I don't know what's the plan on this issue, maybe this case can be optimized out somehow. I'd go that route for now, but I'm not super happy with it.

This may be a solution. Currently I'm using associative types instead of generics anyway, so Storage may not need a type at all. For "real" collections, we could use sth. like ContiguousStorage<Value=T>.

Does the new_uninit apply to anything else than Box, Rc and Arc? In other words: does it occur in any place, where contiguous storage is a thing?

:laughing:

1 Like

Is there a reason that [MaybeUninit<T>; N] can't just be used as the storage for T? In general, my understanding is that storages would deal in MaybeUninit anyway, and the container would be in charge of tracking initialization. This makes working with storages unsafe, but that's not that big of a deal, since they replace working with allocation, which is always unsafe.

This is working, you simply pass [MaybeUninit<T>; N] to the box, and it returns Box<T, [MaybeUninit<T>; N]>. However, how the new_uninit API would look like? Let's assume, we call it

fn new_uninit_in(storage: S) -> Box<MaybeUninit<T>, S>

What do you pass?

  • [MaybeUninit<T>; N] derefs to T, so it can't be used
  • [MaybeUninit<MaybeUninit<T>>; N] (urgh) derefs to MaybeUninit<T> (fine), but when calling Box::assume_init it requires the conversion from
    Box<MaybeUninit<T>, [MaybeUninit<MaybeUninit<T>>; N]>
    
    to
    Box<T, [MaybeUninit<T>; N]>
    
    which requires the storage to be changed.

Regardless, what is passed to new_uninit, it derefs to one specified type. Changing the type of the Box also requires the Storage to be changed to deref to the new type.

I don't know if the storage-API will work for Box (and similar) in general. As you noticed, those types can be used to store dynamically sized types. Since impl Trait in return position, it's probably not strictly needed anymore, but it's still have to be supported. However implementing CoerceUnsized for Box fails, as

The trait CoerceUnsized may only be implemented for a coercion between structures with one field being coerced

but Box<T, S> don't store a field, which needs coercion, the data lives in S. Maybe I get something wrong here, I'm not a compiler expert, but it appears, that this won't work as of now.

Not necessarily, if you look on the main branch for generic-vec, you'll see that impl<T, U, const N: usize> Storage<U> for UninitArray<T, N> { ... } (here) where T and U could have very different sizes, but as long as the alignment of UninitArray<T, N> is larger than U it should be fine. For Box you'll also want the restriction that that the storage size is at least the same as size_of::<U>().

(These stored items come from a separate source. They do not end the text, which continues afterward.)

(* Let $G=(V,\mathcal E,w)$ be an undirected, connected, weighted graph on $n$ nodes. Let: - $E\in\mathbb R^{n\times|\mathcal E|}$ be its signed incidence matrix (arbitrary orientation); - $W=\mathrm{diag}(w(e))$; - $L=EWE^T$, with largest eigenvalue $\lambda_n$. Let $\tau\ge0$ with $\tau\lambda_n<\pi/2$. Consider the consensus network with measurement noise on the links, $$\dot x(t)=-L\,x(t-\tau)-E\,\xi(t),\qquad y=M_nx,$$ where $(\xi_e)_{e\in\mathcal E}$ are mutually independent zero-mean Gaussian white noises with intensities $\sigma_e^2$. Then for every link $e=\{i,j\}\in\mathcal E$, $$\nu_e=\frac12\,r_e\Big(L\cos(\tau L)^{-1}\big(M_n-\sin(\tau L)\big)\Big).$$
   Context: Notation: - $M_n=I_n-\frac1n\mathbf1\mathbf1^T$. - $X^\dagger$ is the Moore–Penrose pseudo-inverse. - $\cos(X)$ and $\sin(X)$ are the matrix power-series functions; $\cos(\tau L)$ is invertible since $\tau\lambda_n<\pi/2$. - For a symmetric matrix $X$ and $e=\{i,j\}$, $r_e(X)=[X^\dagger]_{ii}+[X^\dagger]_{jj}-2[X^\dagger]_{ij}$. The performance is $$\rho_{ss}=\lim_{t\to\infty}\mathbb E[y^Ty]=\frac1{2\pi}\int\mathrm{Tr}[G(j\omega)^HG(j\omega)]d\omega,\qquad G(s)=M_n(sI+e^{-\tau s}L)^{-1}(-E)\,\mathrm{diag}(\sigma_e).$$ The link centrality is $\nu_e=\partial\rho_{ss}/\partial\sigma_e^2$. *)

theory Defs
  imports "HOL-Analysis.Analysis"
begin

text \<open>Each edge e is the unordered pair {src e, tgt e}; the pair (src e, tgt e) is an
  arbitrary orientation.\<close>

definition wgraph :: "('e::finite \<Rightarrow> 'n::finite) \<Rightarrow> ('e \<Rightarrow> 'n) \<Rightarrow> ('e \<Rightarrow> real) \<Rightarrow> bool" where
  "wgraph src tgt w \<longleftrightarrow>
     (\<forall>e. src e \<noteq> tgt e) \<and>
     (\<forall>e f. {src e, tgt e} = {src f, tgt f} \<longrightarrow> e = f) \<and>
     (\<forall>e. w e > 0)"

definition adjacent :: "('e::finite \<Rightarrow> 'n::finite) \<Rightarrow> ('e \<Rightarrow> 'n) \<Rightarrow> 'n \<Rightarrow> 'n \<Rightarrow> bool" where
  "adjacent src tgt i j \<longleftrightarrow> (\<exists>e. {src e, tgt e} = {i, j})"

definition connected_graph :: "('e::finite \<Rightarrow> 'n::finite) \<Rightarrow> ('e \<Rightarrow> 'n) \<Rightarrow> bool" where
  "connected_graph src tgt \<longleftrightarrow> (\<forall>i j. (adjacent src tgt)\<^sup>*\<^sup>* i j)"

definition incidence :: "('e::finite \<Rightarrow> 'n::finite) \<Rightarrow> ('e \<Rightarrow> 'n) \<Rightarrow> real^'e^'n" where
  "incidence src tgt = (\<chi> i e. if i = src e then 1 else if i = tgt e then -1 else 0)"

definition diagm :: "('a::zero ^'n) \<Rightarrow> 'a^'n^'n" where
  "diagm d = (\<chi> i j. if i = j then d $ j else 0)"

definition laplacian :: "('e::finite \<Rightarrow> 'n::finite) \<Rightarrow> ('e \<Rightarrow> 'n) \<Rightarrow> ('e \<Rightarrow> real) \<Rightarrow> real^'n^'n" where
  "laplacian src tgt w =
     incidence src tgt ** diagm (\<chi> e. w e) ** transpose (incidence src tgt)"

definition is_eigenvalue :: "real^'n^'n \<Rightarrow> real \<Rightarrow> bool" where
  "is_eigenvalue A l \<longleftrightarrow> (\<exists>x. x \<noteq> 0 \<and> A *v x = l *\<^sub>R x)"

definition lambda_max :: "real^'n::finite^'n \<Rightarrow> real" where
  "lambda_max A = Max {l. is_eigenvalue A l}"

definition centering :: "real^'n::finite^'n" where
  "centering = (\<chi> i j. (if i = j then 1 else 0) - 1 / real CARD('n))"

definition mpow :: "'a::semiring_1^'n::finite^'n \<Rightarrow> nat \<Rightarrow> 'a^'n^'n" where
  "mpow X k = ((\<lambda>Y. X ** Y) ^^ k) (mat 1)"

definition mat_cos :: "real^'n::finite^'n \<Rightarrow> real^'n^'n" where
  "mat_cos X = (\<Sum>k. ((-1) ^ k / fact (2 * k)) *\<^sub>R mpow X (2 * k))"

definition mat_sin :: "real^'n::finite^'n \<Rightarrow> real^'n^'n" where
  "mat_sin X = (\<Sum>k. ((-1) ^ k / fact (2 * k + 1)) *\<^sub>R mpow X (2 * k + 1))"

definition pinv :: "real^'m::finite^'n::finite \<Rightarrow> real^'n^'m" where
  "pinv A = (THE X. A ** X ** A = A \<and> X ** A ** X = X \<and>
                    transpose (A ** X) = A ** X \<and> transpose (X ** A) = X ** A)"

definition eff_res :: "real^'n::finite^'n \<Rightarrow> 'n \<Rightarrow> 'n \<Rightarrow> real" where
  "eff_res X i j = pinv X $ i $ i + pinv X $ j $ j - 2 * pinv X $ i $ j"

definition cmat :: "real^'m::finite^'n::finite \<Rightarrow> complex^'m^'n" where
  "cmat A = map_matrix complex_of_real A"

definition cadj :: "complex^'m::finite^'n::finite \<Rightarrow> complex^'n^'m" where
  "cadj A = (\<chi> i j. cnj (A $ j $ i))"

text \<open>Transfer function G(s) = M_n (sI + e^{-tau s} L)^{-1} (-E) diag(sigma_e),
  with sigma_e = sqrt of the noise intensity v e = sigma_e^2.\<close>
definition transfer ::
  "('e::finite \<Rightarrow> 'n::finite) \<Rightarrow> ('e \<Rightarrow> 'n) \<Rightarrow> ('e \<Rightarrow> real) \<Rightarrow> real \<Rightarrow> ('e \<Rightarrow> real)
     \<Rightarrow> complex \<Rightarrow> complex^'e^'n" where
  "transfer src tgt w \<tau> v s =
     cmat centering **
     matrix_inv (\<chi> i j. (if i = j then s else 0)
                    + exp (- (complex_of_real \<tau> * s)) * complex_of_real (laplacian src tgt w $ i $ j))
     ** cmat (- incidence src tgt) ** cmat (diagm (\<chi> e. sqrt (v e)))"

definition rho_ss ::
  "('e::finite \<Rightarrow> 'n::finite) \<Rightarrow> ('e \<Rightarrow> 'n) \<Rightarrow> ('e \<Rightarrow> real) \<Rightarrow> real \<Rightarrow> ('e \<Rightarrow> real) \<Rightarrow> real" where
  "rho_ss src tgt w \<tau> v =
     1 / (2 * pi) * integral UNIV (\<lambda>\<omega>::real.
        Re (trace (cadj (transfer src tgt w \<tau> v (\<i> * complex_of_real \<omega>))
                   ** transfer src tgt w \<tau> v (\<i> * complex_of_real \<omega>))))"

end

theory Submission
  imports Defs "HOL-Complex_Analysis.Complex_Analysis"
begin

(* An orthonormal eigenbasis u_k of L, with eigenvalues \<mu>_k, diagonalises every matrix in
   the problem. The integrand of rho_ss becomes
     \<Sum>_e \<sigma>_e^2 \<Sum>_{\<mu>_k > 0} (u_k(i) - u_k(j))^2 / |j\<omega> + \<mu>_k e^{-j\<omega>\<tau>}|^2,
   so rho_ss is affine in each \<sigma>_e^2 and \<nu>_e is a coefficient of this expansion. The scalar
   integrals are computed by residues: with a(s) = s + m e^{-\<tau>s},
     1 / (a(s) a(-s)) = -s / ((s^2 + m^2) a(s)) + m e^{\<tau>s} / ((s^2 + m^2) a(-s)),
   where the first term is holomorphic to the right of the imaginary axis and the second to
   its left except for simple poles at \<plusminus>jm. Since \<tau>m < \<pi>/2, a has no zeros in a strip
   around the axis, and closing the contours gives
     \<integral> d\<omega> / |a(j\<omega>)|^2 = \<pi> cos(\<tau>m) / (m (1 - sin(\<tau>m))).
   The same spectral calculus shows that L cos(\<tau>L)^-1 (M_n - sin(\<tau>L)) has eigenvalue
   \<mu> (1 - sin(\<tau>\<mu>)) / cos(\<tau>\<mu>) on u_k for \<mu>_k > 0 and 0 on the constants, which gives the
   same coefficients through r_e. *)

section \<open>The scalar delayed mode\<close>

(* The function a of the header: s I + e^{-\<tau>s} L acts as delay_char \<mu>_k \<tau> s on u_k. *)
definition delay_char :: "real \<Rightarrow> real \<Rightarrow> complex \<Rightarrow> complex" where
  "delay_char m t s = s + of_real m * exp (- (of_real t * s))"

(note: currently I have a bug where I don't check the alignments, but that will soon be fixed) now fixed

I'll look into your implementation tomorrow. I think I have a solution to this, too but let's see...

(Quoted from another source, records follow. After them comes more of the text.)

(* Let $\mathbf b_i\in\mathcal B_k$ be an interior point of $P(A)$. Let $\beta_1,\dots,\beta_{R_k}$ be the elements of $\{1/\ell_0,2/\ell_0,\dots,\ell_0/\ell_0\}$ not of the form $1-s_0^{(j)}/\ell_0$ with $\mathbf b_j\in\mathcal B_k$ a boundary point of $P(A)$ (one may take $\beta_1=1$), and let $\alpha_1,\dots,\alpha_{R_k}$ be the elements remaining on the list $\frac{v^{(i)}_r+\sigma}{\ell_r}$ ($r=1,\dots,m$, $\sigma=0,\dots,\ell_r-1$) after one copy of each element $1-s_0^{(j)}/\ell_0$ with $\mathbf b_j\in\mathcal B_k$ a boundary point of $P(A)$ has been removed. Then the $R_k$ series $F^{(\mathbf b_j)}_{\mathbf b_i}(\lambda)$ with $\mathbf b_j\in\mathcal B_k$ an interior point of $P(A)$ are obtained from a full set of solutions at $x=0$ of the hypergeometric operator \[(\delta_x+\beta_1-1)\cdots(\delta_x+\beta_{R_k}-1)-x(\delta_x+\alpha_1)\cdots(\delta_x+\alpha_{R_k}),\qquad\delta_x=x\tfrac{d}{dx},\] by replacing $x$ by $\lambda^{\ell_0}$; that is, $F^{(\mathbf b_j)}_{\mathbf b_i}(\lambda)=H_j(\lambda^{\ell_0})$ where the $H_j(x)$ (formal series in $x^{s_0^{(j)}/\ell_0}\mathbb C[[x]]$) form a full set of solutions of this operator at $x=0$.
   Context: Let $A=\{\mathbf a_1,\dots,\mathbf a_m\}\subseteq\mathbb Z^n$ be linearly independent over $\mathbb R$, $\mathbf a_0\in\mathbb Z^n$, and $\ell_0,\dots,\ell_m$ positive integers with gcd $1$, $\ell_0\mathbf a_0=\sum_{j=1}^m\ell_j\mathbf a_j$, $\ell_0=\sum_{j=1}^m\ell_j$. Let $\mathbb ZA$, $\mathbb ZA_+$ be the groups generated by $A$ and $A\cup\{\mathbf a_0\}$. Let $V$ be the real span of $A$, $V_{\mathbb Z}=V\cap\mathbb Z^n$, $P(A)=\{\sum_jc_j\mathbf a_j:0\le c_j<1\}$, $\mathcal B=V_{\mathbb Z}\cap P(A)$. Each $\mathbf b\in\mathcal B$ is written uniquely $\mathbf b=\sum_rv_r\mathbf a_r$ with $v_r\in[0,1)$; $\mathbf b$ is an interior point of $P(A)$ if all $v_r>0$ and a boundary point otherwise. Fix a coset $\mathcal C_k$ of $\mathbb ZA_+$ in $V_{\mathbb Z}$, put $\mathcal B_k=\mathcal B\cap\mathcal C_k$ (it has $\ell_0$ elements), and let $R_k$ be the number of interior points of $P(A)$ in $\mathcal B_k$. Fix $\mathbf b_i\in\mathcal B_k$. For $\mathbf b_j\in\mathcal B_k$ write $\mathbf b_j=\sum_rv^{(j)}_r\mathbf a_r$, let $s_0^{(j)}\in\{0,\dots,\ell_0-1\}$ be the unique element with $\mathbf b_i+s_0^{(j)}\mathbf a_0\equiv\mathbf b_j\pmod{\mathbb ZA}$, and let $s^{(j)}_r\in\mathbb Z$ ($r=1,\dots,m$) be determined by $\mathbf b_i+s_0^{(j)}\mathbf a_0=\mathbf b_j-\sum_rs^{(j)}_r\mathbf a_r$. Define \[F^{(\mathbf b_j)}_{\mathbf b_i}(\lambda)=\lambda^{s_0^{(j)}}\sum_{s=0}^\infty\frac{\prod_{r=1}^m\prod_{\sigma=0}^{\ell_r-1}\big(\frac{v^{(j)}_r-s^{(j)}_r+\sigma}{\ell_r}\big)_s}{\prod_{t=1}^{\ell_0}\big(\frac{s^{(j)}_0+t}{\ell_0}\big)_s}\lambda^{s\ell_0},\] with $(a)_s=a(a+1)\cdots(a+s-1)$. *)

theory Defs
  imports "HOL-Analysis.Analysis" "HOL-Computational_Algebra.Formal_Power_Series"
    "HOL-Library.Multiset"
begin

text \<open>Vectors of Z^n are modelled as integer-coordinate vectors in real^'n.
  The family A = {a_1,...,a_m} is a function a on indices 1..m; the weights
  l_0,...,l_m are a function l :: nat => nat.\<close>

definition intvecs :: "(real^'n) set" where
  "intvecs = {x. \<forall>i. x $ i \<in> \<int>}"

definition latZ :: "nat \<Rightarrow> (nat \<Rightarrow> real^'n) \<Rightarrow> (real^'n) set" where
  "latZ m a = {(\<Sum>j=1..m. of_int (k j) *\<^sub>R a j) | k. True}"

definition latZplus :: "nat \<Rightarrow> (nat \<Rightarrow> real^'n) \<Rightarrow> real^'n \<Rightarrow> (real^'n) set" where
  "latZplus m a a0 = {z + of_int k0 *\<^sub>R a0 | z k0. z \<in> latZ m a}"

definition VZ :: "nat \<Rightarrow> (nat \<Rightarrow> real^'n) \<Rightarrow> (real^'n) set" where
  "VZ m a = span (a ` {1..m}) \<inter> intvecs"

definition parallelepiped :: "nat \<Rightarrow> (nat \<Rightarrow> real^'n) \<Rightarrow> (real^'n) set" where
  "parallelepiped m a =
     {(\<Sum>j=1..m. c j *\<^sub>R a j) | c. \<forall>j\<in>{1..m}. 0 \<le> c j \<and> c j < 1}"

definition Bset :: "nat \<Rightarrow> (nat \<Rightarrow> real^'n) \<Rightarrow> (real^'n) set" where
  "Bset m a = VZ m a \<inter> parallelepiped m a"

definition is_coset :: "nat \<Rightarrow> (nat \<Rightarrow> real^'n) \<Rightarrow> real^'n \<Rightarrow> (real^'n) set \<Rightarrow> bool" where
  "is_coset m a a0 C \<longleftrightarrow> (\<exists>b\<in>VZ m a. C = (\<lambda>z. b + z) ` latZplus m a a0)"

definition coords :: "nat \<Rightarrow> (nat \<Rightarrow> real^'n) \<Rightarrow> real^'n \<Rightarrow> nat \<Rightarrow> real" where
  "coords m a b = (THE v. (\<forall>r. r \<notin> {1..m} \<longrightarrow> v r = 0) \<and> b = (\<Sum>r=1..m. v r *\<^sub>R a r))"

definition interior_pt :: "nat \<Rightarrow> (nat \<Rightarrow> real^'n) \<Rightarrow> real^'n \<Rightarrow> bool" where
  "interior_pt m a b \<longleftrightarrow> (\<forall>r\<in>{1..m}. coords m a b r > 0)"

definition s0 :: "nat \<Rightarrow> (nat \<Rightarrow> real^'n) \<Rightarrow> real^'n \<Rightarrow> nat \<Rightarrow> real^'n \<Rightarrow> real^'n \<Rightarrow> nat" where
  "s0 m a a0 l0 bi bj = (THE s. s < l0 \<and> bj - (bi + of_nat s *\<^sub>R a0) \<in> latZ m a)"

definition svec :: "nat \<Rightarrow> (nat \<Rightarrow> real^'n) \<Rightarrow> real^'n \<Rightarrow> nat \<Rightarrow> real^'n \<Rightarrow> real^'n \<Rightarrow> nat \<Rightarrow> int" where
  "svec m a a0 l0 bi bj = (THE s. (\<forall>r. r \<notin> {1..m} \<longrightarrow> s r = 0) \<and>
      bi + of_nat (s0 m a a0 l0 bi bj) *\<^sub>R a0 = bj - (\<Sum>r=1..m. of_int (s r) *\<^sub>R a r))"

text \<open>The s-th coefficient of the series F (coefficient of lambda^(s0 + s l0)).\<close>
definition Fcoeff :: "nat \<Rightarrow> (nat \<Rightarrow> real^'n) \<Rightarrow> real^'n \<Rightarrow> (nat \<Rightarrow> nat) \<Rightarrow> real^'n \<Rightarrow> real^'n \<Rightarrow> nat \<Rightarrow> complex" where
  "Fcoeff m a a0 l bi bj s =
     (\<Prod>r=1..m. \<Prod>\<sigma><l r. pochhammer
        (complex_of_real ((coords m a bj r - of_int (svec m a a0 (l 0) bi bj r) + of_nat \<sigma>) / of_nat (l r))) s)
     / (\<Prod>t=1..l 0. pochhammer
        (complex_of_real ((of_nat (s0 m a a0 (l 0) bi bj) + of_nat t) / of_nat (l 0))) s)"

definition Fseries :: "nat \<Rightarrow> (nat \<Rightarrow> real^'n) \<Rightarrow> real^'n \<Rightarrow> (nat \<Rightarrow> nat) \<Rightarrow> real^'n \<Rightarrow> real^'n \<Rightarrow> complex fps" where
  "Fseries m a a0 l bi bj =
     fps_X ^ s0 m a a0 (l 0) bi bj * fps_compose (Abs_fps (Fcoeff m a a0 l bi bj)) (fps_X ^ l 0)"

Hopefully I'll find enough spare time to push this forward, it's by far the most promising proposal for collections I have seen!


I filed an issue in the WG repository.


Update:

I updated my crate to v0.1.0. It's may worth a look at RawBox and Box. Main features:

  • typed buffers with only two traits (Buffer and UnmanagedBuffer)
  • AllocatedBuffer provided
  • native arrays are supported
  • Two APIs: raw API with call-side-dependency-injection and non-raw wrapper API, which behaves like the current api
  • Coercion is working
  • Unsized types are working

@TimDiekmann looking at the Storage trait, maybe we could consider adding AsPtr and AsMutPtr traits to the std. It feels cleaner than the Storage trait.

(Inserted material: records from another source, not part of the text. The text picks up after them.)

lemma sextic_galois_group_not_T6:
  fixes a b :: rat
  assumes "b \<noteq> 0" and "4 * b \<le> a\<^sup>2" and "T \<subseteq> T6_1 \<union> T6_2 \<union> T6_5"
  shows "\<not> galois_group_is (monom 1 6 + smult a (monom 1 3) + [:b:]) 6 T"
proof
  assume "galois_group_is (monom 1 6 + smult a (monom 1 3) + [:b:]) 6 T"
  moreover obtain x1 x2
    where "x1 \<in> root_set (monom 1 6 + smult a (monom 1 3) + [:b:])" "x1 \<in> \<real>"
      and "x2 \<in> root_set (monom 1 6 + smult a (monom 1 3) + [:b:])" "x2 \<notin> \<real>"
    using sextic_real_and_nonreal_roots[OF assms(1,2)] .
  ultimately show False
    using T6_galois_group_no_real_and_nonreal_roots assms(3) by blast
qed

lemma quartic_galois_group_not_T4_1:
  fixes a b :: rat
  assumes "a\<^sup>2 < 4 * b"
  shows "\<not> galois_group_is (monom 1 4 + smult a (monom 1 2) + [:b:]) 4 T4_1"
proof
  let ?p = "monom 1 4 + smult a (monom 1 2) + [:b:]"
  assume G: "galois_group_is ?p 4 T4_1"
  obtain u s where u: "u\<^sup>2 + of_rat a * u + of_rat b = 0" "u \<notin> \<real>"
    and s: "s \<in> root_set ?p" "s\<^sup>2 = u"
    using quartic_root_over_nonreal_quadratic_root[OF assms] .
  have "s \<notin> \<real>"
    using s(2) u(2) by (metis Reals_power)
  obtain \<tau> where \<tau>: "\<tau> \<in> gal_auts ?p"
    and square: "\<And>x. x \<in> root_set ?p \<Longrightarrow> cnj x = \<tau> (\<tau> x)"
    using T4_1_cnj_is_square[OF G s(1) \<open>s \<notin> \<real>\<close>] by blast
  have sK: "s \<in> splitting_field ?p" and "\<tau> s \<in> splitting_field ?p"
    using s(1) root_set_subset_splitting_field gal_aut_image[OF \<tau>] by blast+
  have uK: "u \<in> splitting_field ?p"
    using s(2) sK is_subfield_splitting_field by (auto simp: is_subfield_def power2_eq_square)
  have "cnj u = (\<tau> (\<tau> s))\<^sup>2"
    using s(2) square[OF s(1)] by auto
  also have "\<dots> = \<tau> (\<tau> u)"
    using sK \<open>\<tau> s \<in> splitting_field ?p\<close>
    by (simp add: s(2)[symmetric] power2_eq_square gal_aut_mult[OF \<tau>])
  also have "\<dots> = u"
    using gal_aut_quadratic_involution[OF \<tau> uK u(1)] .
  finally show False
    using u(2) Reals_cnj_iff by blast
qed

I am not sure if it is worth it. Considering that pointer dereferencing is generally unsafe and Storage (or Buffer as it is called in my crate) is just a backend that the usual user will rarely interact with, I think a Buffer trait is more flexible. Of course, an AsPtr-trait could make sense in other places too, but I don't know how well it is backwards compatible.

I would stick with the Buffer-trait for now.

How does this decide whether to use internal storage or the heap storage?

I do fee likel @matklad's idea is a reason to switch back to &mut self or even self for allocators. With the allocators passed in at the last moment rather than stored, there is no longer the issue of storing allocators for multiple collections in a single threaded context. The dreaded AllocOnce AllocMut Alloc hierarchy can also come up based on whether it's a flat or non-flat data structure.

The main issue is it is also nice to pass in at deallocation time, but how to we prevent dropping without the allocator being passed in? This was my #1 reason for wanting linear types, years ago when I clamored about these things.

3 Likes

This is massively invasive, requiring to change every single API, and requiring users to follow a very strict discipline since the same allocator must be passed to every single call -- turning every single function into an unsafe function OR mandating that allocators be able to recognize their own allocations. Honestly, it seems completely impractical.

Note that even in Zig, where there is no global allocator, collections tend to capture the allocator in their constructor and use it throughout, including for destruction.

If you want to start exploring the possibility, I would kindly ask that you open a separate topic as your proposal is at the moonshot stage (not even a mini-draft/prototype, no experience that I can see) which means it'll require significant brainstorming to go anywhere.

2 Likes

Another interesting point here is that in Zig it's easier to handle "bring your own allocator"-style collections, because it uses value-based defer, rather than type-based destructors. So you, eg, can close over a single allocator local var to drop to local vars holding vectors.

@TimDiekmann, have you been able to make headway with your reference implementation? It seems like an interesting concept to explore.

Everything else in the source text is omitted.